→ WORK INSTRUCTIONS: In your reply, restate all of the records below word for word.

--------

lemma osc_flow_fixed_iff:
  assumes "\<forall>j. w $ j > 0"
  shows "osc_flow w T v = v \<longleftrightarrow> v \<in> mode_space (\<lambda>j. cos (w$j * T) = 1)"
proof
  assume "osc_flow w T v = v"
  then have "fst v $ j = 0 \<and> snd v $ j = 0" if "cos (w$j * T) \<noteq> 1" for j
    using osc_flow_fixed_component[of w j T v] assms that by simp
  then show "v \<in> mode_space (\<lambda>j. cos (w$j * T) = 1)" by (simp add: mode_space_def)
next
  assume v: "v \<in> mode_space (\<lambda>j. cos (w$j * T) = 1)"
  have "fst (osc_flow w T v) $ j = fst v $ j \<and> snd (osc_flow w T v) $ j = snd v $ j" for j
  proof (cases "cos (w$j * T) = 1")
    case True
    then have "sin (w$j * T) = 0" using sin_cos_squared_add[of "w$j * T"] by simp
    then show ?thesis using True by (simp add: osc_flow_def)
  next
    case False
    then show ?thesis using v by (simp add: osc_flow_def mode_space_def)
  qed
  then show "osc_flow w T v = v" by (simp add: prod_eq_iff vec_eq_iff)
qed

lemma E1_eq_mode_space:
  assumes w: "\<forall>j. w $ j > 0"
  shows "E1 w T z = mode_space (\<lambda>j. cos (w$j * T) = 1)"
proof -
  define N where "N u = osc_flow w T u - u" for u
  define S where "S = mode_space (\<lambda>j. cos (w$j * T) = 1)"
  have kernel_N: "(N ^^ k) v = 0 \<Longrightarrow> v \<in> S" for k v
  proof (induction k arbitrary: v)
    case (Suc k)
    then have "N v \<in> S" by (simp add: funpow_Suc_right del: funpow.simps)
    show ?case unfolding S_def mode_space_def
    proof (intro CollectI allI impI)
      fix j assume j: "cos (w$j * T) \<noteq> 1"
      with \<open>N v \<in> S\<close> have "fst (osc_flow w T v) $ j = fst v $ j" "snd (osc_flow w T v) $ j = snd v $ j"
        by (auto simp: S_def N_def mode_space_def)
      then show "fst v $ j = 0 \<and> snd v $ j = 0" using osc_flow_fixed_component w j by blast
    qed
  qed (simp add: S_def mode_space_def)
  have "E1 w T z = span (\<Union>k\<in>{1..}. {v. (N ^^ k) v = 0})"
    unfolding E1_def Mz_eq_osc_flow[OF w] N_def ..
  also have "\<dots> = S"
  proof
    show "span (\<Union>k\<in>{1..}. {v. (N ^^ k) v = 0}) \<subseteq> S"
      using kernel_N by (intro span_minimal) (auto simp: S_def subspace_mode_space)
    have "S \<subseteq> {v. (N ^^ 1) v = 0}"
      using osc_flow_fixed_iff[OF w] by (auto simp: S_def N_def)
    then have "S \<subseteq> (\<Union>k\<in>{1..}. {v. (N ^^ k) v = 0})" by blast
    then show "S \<subseteq> span (\<Union>k\<in>{1..}. {v. (N ^^ k) v = 0})"
      using span_superset by blast
  qed
  finally show ?thesis unfolding S_def .
qed

section \<open>Linear symplectic symmetries\<close>

lemma omega_eq: "omega u v = fst u \<bullet> snd v - snd u \<bullet> fst v"
  by (simp add: omega_def Jmap_def inner_prod_def)

lemma omega_add_left: "omega (a + b) y = omega a y + omega b y"
  by (simp add: omega_eq inner_add_left)
lemma omega_add_right: "omega y (a + b) = omega y a + omega y b"
  by (simp add: omega_eq inner_add_right)
lemma omega_diff_left: "omega (a - b) y = omega a y - omega b y"
  by (simp add: omega_eq inner_diff_left)
lemma omega_diff_right: "omega y (a - b) = omega y a - omega y b"
  by (simp add: omega_eq inner_diff_right)
lemma omega_scaleR_left: "omega (r *\<^sub>R a) y = r * omega a y"
  by (simp add: omega_eq right_diff_distrib)
lemma omega_scaleR_right: "omega y (r *\<^sub>R a) = r * omega y a"
  by (simp add: omega_eq right_diff_distrib)
lemma omega_antisym: "omega a b = - omega b a"
  by (simp add: omega_eq inner_commute)

lemma bilinear_omega: "bilinear omega"
  unfolding bilinear_def
  by (simp add: linear_iff omega_add_left omega_add_right omega_scaleR_left omega_scaleR_right)

lemma Hform_eq_omega_hamvf: "Hform w u v = - omega u (hamvf w v)"
  unfolding omega_eq hamvf_eq Hform_def inner_vec_def
  by (simp add: sum.distrib sum_negf algebra_simps)

lemma Sp_linear: "g \<in> Sp \<Longrightarrow> linear g"
  unfolding Sp_def by blast
lemma Sp_omega: "g \<in> Sp \<Longrightarrow> omega (g u) (g v) = omega u v"
  unfolding Sp_def by blast
lemma Gmax_Sp: "g \<in> Gmax w \<Longrightarrow> g \<in> Sp"
  unfolding Gmax_def by blast
lemma Gmax_Hw: "g \<in> Gmax w \<Longrightarrow> Hw w (g z) = Hw w z"
  unfolding Gmax_def by blast

lemma Sp_inj:
  assumes "g \<in> Sp"
  shows "inj g"
  unfolding linear_inj_iff_eq_0[OF Sp_linear[OF assms]]
proof (intro allI impI)
  fix u assume "g u = 0"
  have "u \<bullet> u = omega u (- snd u, fst u)" by (simp add: omega_def Jmap_def)
  also have "\<dots> = omega (g u) (g (- snd u, fst u))" using Sp_omega[OF assms] by simp
  also have "\<dots> = 0" by (simp add: \<open>g u = 0\<close> omega_def)
  finally show "u = 0" by simp
qed

lemma Gmax_preserves_Hform:
  assumes g: "g \<in> Gmax w"
  shows "Hform w (g u) (g v) = Hform w u v"
proof -
  have lin: "linear g" using Sp_linear[OF Gmax_Sp[OF g]] .
  have Q: "Hform w (g z) (g z) = Hform w z z" for z using Gmax_Hw[OF g, of z] by (simp add: Hw_eq_Hform)
  have "Hform w (g (u + v)) (g (u + v)) = Hform w (u + v) (u + v)" by (rule Q)
  then show ?thesis
    using Q[of u] Q[of v]
    by (simp add: linear_add[OF lin] Hform_add_left Hform_add_right Hform_sym[of w v u]
        Hform_sym[of w "g v" "g u"])
qed

lemma Gmax_commutes_hamvf:
  assumes g: "g \<in> Gmax w"
  shows "hamvf w (g v) = g (hamvf w v)"
proof -
  have Sp: "g \<in> Sp" using Gmax_Sp[OF g] .
  define d where "d = hamvf w (g v) - g (hamvf w v)"
  have "omega (g u) d = 0" for u
  proof -
    have "omega (g u) (hamvf w (g v)) = omega u (hamvf w v)"
      using Gmax_preserves_Hform[OF g] by (simp add: Hform_eq_omega_hamvf)
    also have "\<dots> = omega (g u) (g (hamvf w v))" using Sp_omega[OF Sp] by simp
    finally show ?thesis by (simp add: d_def omega_diff_right)
  qed
  moreover obtain u where "g u = Jmap d"
    using linear_inj_imp_surj[OF Sp_linear[OF Sp] Sp_inj[OF Sp]] by (metis surjD)
  ultimately have "Jmap d \<bullet> Jmap d = 0" by (metis omega_def)
  then have "Jmap d = 0" by simp
  then have "d = 0" by (simp add: Jmap_def prod_eq_iff)
  then show ?thesis by (simp add: d_def)
qed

--------

→ EXPECTED ANSWER:
lemma osc_flow_fixed_iff:
  assumes "\<forall>j. w $ j > 0"
  shows "osc_flow w T v = v \<longleftrightarrow> v \<in> mode_space (\<lambda>j. cos (w$j * T) = 1)"
proof
  assume "osc_flow w T v = v"
  then have "fst v $ j = 0 \<and> snd v $ j = 0" if "cos (w$j * T) \<noteq> 1" for j
    using osc_flow_fixed_component[of w j T v] assms that by simp
  then show "v \<in> mode_space (\<lambda>j. cos (w$j * T) = 1)" by (simp add: mode_space_def)
next
  assume v: "v \<in> mode_space (\<lambda>j. cos (w$j * T) = 1)"
  have "fst (osc_flow w T v) $ j = fst v $ j \<and> snd (osc_flow w T v) $ j = snd v $ j" for j
  proof (cases "cos (w$j * T) = 1")
    case True
    then have "sin (w$j * T) = 0" using sin_cos_squared_add[of "w$j * T"] by simp
    then show ?thesis using True by (simp add: osc_flow_def)
  next
    case False
    then show ?thesis using v by (simp add: osc_flow_def mode_space_def)
  qed
  then show "osc_flow w T v = v" by (simp add: prod_eq_iff vec_eq_iff)
qed

lemma E1_eq_mode_space:
  assumes w: "\<forall>j. w $ j > 0"
  shows "E1 w T z = mode_space (\<lambda>j. cos (w$j * T) = 1)"
proof -
  define N where "N u = osc_flow w T u - u" for u
  define S where "S = mode_space (\<lambda>j. cos (w$j * T) = 1)"
  have kernel_N: "(N ^^ k) v = 0 \<Longrightarrow> v \<in> S" for k v
  proof (induction k arbitrary: v)
    case (Suc k)
    then have "N v \<in> S" by (simp add: funpow_Suc_right del: funpow.simps)
    show ?case unfolding S_def mode_space_def
    proof (intro CollectI allI impI)
      fix j assume j: "cos (w$j * T) \<noteq> 1"
      with \<open>N v \<in> S\<close> have "fst (osc_flow w T v) $ j = fst v $ j" "snd (osc_flow w T v) $ j = snd v $ j"
        by (auto simp: S_def N_def mode_space_def)
      then show "fst v $ j = 0 \<and> snd v $ j = 0" using osc_flow_fixed_component w j by blast
    qed
  qed (simp add: S_def mode_space_def)
  have "E1 w T z = span (\<Union>k\<in>{1..}. {v. (N ^^ k) v = 0})"
    unfolding E1_def Mz_eq_osc_flow[OF w] N_def ..
  also have "\<dots> = S"
  proof
    show "span (\<Union>k\<in>{1..}. {v. (N ^^ k) v = 0}) \<subseteq> S"
      using kernel_N by (intro span_minimal) (auto simp: S_def subspace_mode_space)
    have "S \<subseteq> {v. (N ^^ 1) v = 0}"
      using osc_flow_fixed_iff[OF w] by (auto simp: S_def N_def)
    then have "S \<subseteq> (\<Union>k\<in>{1..}. {v. (N ^^ k) v = 0})" by blast
    then show "S \<subseteq> span (\<Union>k\<in>{1..}. {v. (N ^^ k) v = 0})"
      using span_superset by blast
  qed
  finally show ?thesis unfolding S_def .
qed

section \<open>Linear symplectic symmetries\<close>

lemma omega_eq: "omega u v = fst u \<bullet> snd v - snd u \<bullet> fst v"
  by (simp add: omega_def Jmap_def inner_prod_def)

lemma omega_add_left: "omega (a + b) y = omega a y + omega b y"
  by (simp add: omega_eq inner_add_left)
lemma omega_add_right: "omega y (a + b) = omega y a + omega y b"
  by (simp add: omega_eq inner_add_right)
lemma omega_diff_left: "omega (a - b) y = omega a y - omega b y"
  by (simp add: omega_eq inner_diff_left)
lemma omega_diff_right: "omega y (a - b) = omega y a - omega y b"
  by (simp add: omega_eq inner_diff_right)
lemma omega_scaleR_left: "omega (r *\<^sub>R a) y = r * omega a y"
  by (simp add: omega_eq right_diff_distrib)
lemma omega_scaleR_right: "omega y (r *\<^sub>R a) = r * omega y a"
  by (simp add: omega_eq right_diff_distrib)
lemma omega_antisym: "omega a b = - omega b a"
  by (simp add: omega_eq inner_commute)

lemma bilinear_omega: "bilinear omega"
  unfolding bilinear_def
  by (simp add: linear_iff omega_add_left omega_add_right omega_scaleR_left omega_scaleR_right)

lemma Hform_eq_omega_hamvf: "Hform w u v = - omega u (hamvf w v)"
  unfolding omega_eq hamvf_eq Hform_def inner_vec_def
  by (simp add: sum.distrib sum_negf algebra_simps)

lemma Sp_linear: "g \<in> Sp \<Longrightarrow> linear g"
  unfolding Sp_def by blast
lemma Sp_omega: "g \<in> Sp \<Longrightarrow> omega (g u) (g v) = omega u v"
  unfolding Sp_def by blast
lemma Gmax_Sp: "g \<in> Gmax w \<Longrightarrow> g \<in> Sp"
  unfolding Gmax_def by blast
lemma Gmax_Hw: "g \<in> Gmax w \<Longrightarrow> Hw w (g z) = Hw w z"
  unfolding Gmax_def by blast

lemma Sp_inj:
  assumes "g \<in> Sp"
  shows "inj g"
  unfolding linear_inj_iff_eq_0[OF Sp_linear[OF assms]]
proof (intro allI impI)
  fix u assume "g u = 0"
  have "u \<bullet> u = omega u (- snd u, fst u)" by (simp add: omega_def Jmap_def)
  also have "\<dots> = omega (g u) (g (- snd u, fst u))" using Sp_omega[OF assms] by simp
  also have "\<dots> = 0" by (simp add: \<open>g u = 0\<close> omega_def)
  finally show "u = 0" by simp
qed

lemma Gmax_preserves_Hform:
  assumes g: "g \<in> Gmax w"
  shows "Hform w (g u) (g v) = Hform w u v"
proof -
  have lin: "linear g" using Sp_linear[OF Gmax_Sp[OF g]] .
  have Q: "Hform w (g z) (g z) = Hform w z z" for z using Gmax_Hw[OF g, of z] by (simp add: Hw_eq_Hform)
  have "Hform w (g (u + v)) (g (u + v)) = Hform w (u + v) (u + v)" by (rule Q)
  then show ?thesis
    using Q[of u] Q[of v]
    by (simp add: linear_add[OF lin] Hform_add_left Hform_add_right Hform_sym[of w v u]
        Hform_sym[of w "g v" "g u"])
qed

lemma Gmax_commutes_hamvf:
  assumes g: "g \<in> Gmax w"
  shows "hamvf w (g v) = g (hamvf w v)"
proof -
  have Sp: "g \<in> Sp" using Gmax_Sp[OF g] .
  define d where "d = hamvf w (g v) - g (hamvf w v)"
  have "omega (g u) d = 0" for u
  proof -
    have "omega (g u) (hamvf w (g v)) = omega u (hamvf w v)"
      using Gmax_preserves_Hform[OF g] by (simp add: Hform_eq_omega_hamvf)
    also have "\<dots> = omega (g u) (g (hamvf w v))" using Sp_omega[OF Sp] by simp
    finally show ?thesis by (simp add: d_def omega_diff_right)
  qed
  moreover obtain u where "g u = Jmap d"
    using linear_inj_imp_surj[OF Sp_linear[OF Sp] Sp_inj[OF Sp]] by (metis surjD)
  ultimately have "Jmap d \<bullet> Jmap d = 0" by (metis omega_def)
  then have "Jmap d = 0" by simp
  then have "d = 0" by (simp add: Jmap_def prod_eq_iff)
  then show ?thesis by (simp add: d_def)
qed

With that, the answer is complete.